### DATA EXCERPTS
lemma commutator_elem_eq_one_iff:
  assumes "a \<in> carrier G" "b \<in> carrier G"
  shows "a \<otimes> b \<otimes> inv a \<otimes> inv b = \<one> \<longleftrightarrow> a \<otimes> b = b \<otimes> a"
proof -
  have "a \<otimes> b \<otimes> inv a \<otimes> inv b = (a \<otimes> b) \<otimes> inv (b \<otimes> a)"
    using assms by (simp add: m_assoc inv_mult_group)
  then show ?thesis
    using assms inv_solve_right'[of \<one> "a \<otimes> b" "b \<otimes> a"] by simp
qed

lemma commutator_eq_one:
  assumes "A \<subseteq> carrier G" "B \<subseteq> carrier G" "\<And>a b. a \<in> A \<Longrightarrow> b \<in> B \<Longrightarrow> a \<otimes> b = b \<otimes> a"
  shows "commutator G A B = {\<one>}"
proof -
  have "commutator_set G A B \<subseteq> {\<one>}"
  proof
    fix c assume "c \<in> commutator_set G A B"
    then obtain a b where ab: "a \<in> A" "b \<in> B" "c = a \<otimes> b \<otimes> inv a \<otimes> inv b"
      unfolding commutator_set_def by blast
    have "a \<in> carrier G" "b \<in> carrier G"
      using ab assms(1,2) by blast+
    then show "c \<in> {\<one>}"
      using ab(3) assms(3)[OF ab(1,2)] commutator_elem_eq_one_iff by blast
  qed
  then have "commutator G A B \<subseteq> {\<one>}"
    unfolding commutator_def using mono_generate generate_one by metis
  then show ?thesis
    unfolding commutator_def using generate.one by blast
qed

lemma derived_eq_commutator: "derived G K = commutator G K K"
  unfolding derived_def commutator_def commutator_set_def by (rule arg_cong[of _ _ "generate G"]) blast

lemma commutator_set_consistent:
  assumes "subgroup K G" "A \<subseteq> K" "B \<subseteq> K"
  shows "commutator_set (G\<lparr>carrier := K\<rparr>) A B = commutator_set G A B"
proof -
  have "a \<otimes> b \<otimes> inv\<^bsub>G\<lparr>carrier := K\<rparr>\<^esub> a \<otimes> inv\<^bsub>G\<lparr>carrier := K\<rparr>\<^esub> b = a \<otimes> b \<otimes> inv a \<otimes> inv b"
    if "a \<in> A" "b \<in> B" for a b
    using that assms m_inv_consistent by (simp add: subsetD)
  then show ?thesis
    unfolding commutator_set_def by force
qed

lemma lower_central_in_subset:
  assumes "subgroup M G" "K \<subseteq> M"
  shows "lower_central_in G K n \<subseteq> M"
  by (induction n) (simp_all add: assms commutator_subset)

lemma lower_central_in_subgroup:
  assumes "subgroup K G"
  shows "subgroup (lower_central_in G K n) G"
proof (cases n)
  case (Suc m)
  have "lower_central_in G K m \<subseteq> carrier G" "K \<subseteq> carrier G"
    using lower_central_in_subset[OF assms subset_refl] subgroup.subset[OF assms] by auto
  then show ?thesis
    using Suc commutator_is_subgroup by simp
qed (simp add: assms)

### YOUR TASK
Please write out the material word for word from its first line through the line holding "K = commutator", including both, and no line past it.

### RESULT OF THIS TASK
lemma commutator_elem_eq_one_iff:
  assumes "a \<in> carrier G" "b \<in> carrier G"
  shows "a \<otimes> b \<otimes> inv a \<otimes> inv b = \<one> \<longleftrightarrow> a \<otimes> b = b \<otimes> a"
proof -
  have "a \<otimes> b \<otimes> inv a \<otimes> inv b = (a \<otimes> b) \<otimes> inv (b \<otimes> a)"
    using assms by (simp add: m_assoc inv_mult_group)
  then show ?thesis
    using assms inv_solve_right'[of \<one> "a \<otimes> b" "b \<otimes> a"] by simp
qed

lemma commutator_eq_one:
  assumes "A \<subseteq> carrier G" "B \<subseteq> carrier G" "\<And>a b. a \<in> A \<Longrightarrow> b \<in> B \<Longrightarrow> a \<otimes> b = b \<otimes> a"
  shows "commutator G A B = {\<one>}"
proof -
  have "commutator_set G A B \<subseteq> {\<one>}"
  proof
    fix c assume "c \<in> commutator_set G A B"
    then obtain a b where ab: "a \<in> A" "b \<in> B" "c = a \<otimes> b \<otimes> inv a \<otimes> inv b"
      unfolding commutator_set_def by blast
    have "a \<in> carrier G" "b \<in> carrier G"
      using ab assms(1,2) by blast+
    then show "c \<in> {\<one>}"
      using ab(3) assms(3)[OF ab(1,2)] commutator_elem_eq_one_iff by blast
  qed
  then have "commutator G A B \<subseteq> {\<one>}"
    unfolding commutator_def using mono_generate generate_one by metis
  then show ?thesis
    unfolding commutator_def using generate.one by blast
qed

lemma derived_eq_commutator: "derived G K = commutator G K K"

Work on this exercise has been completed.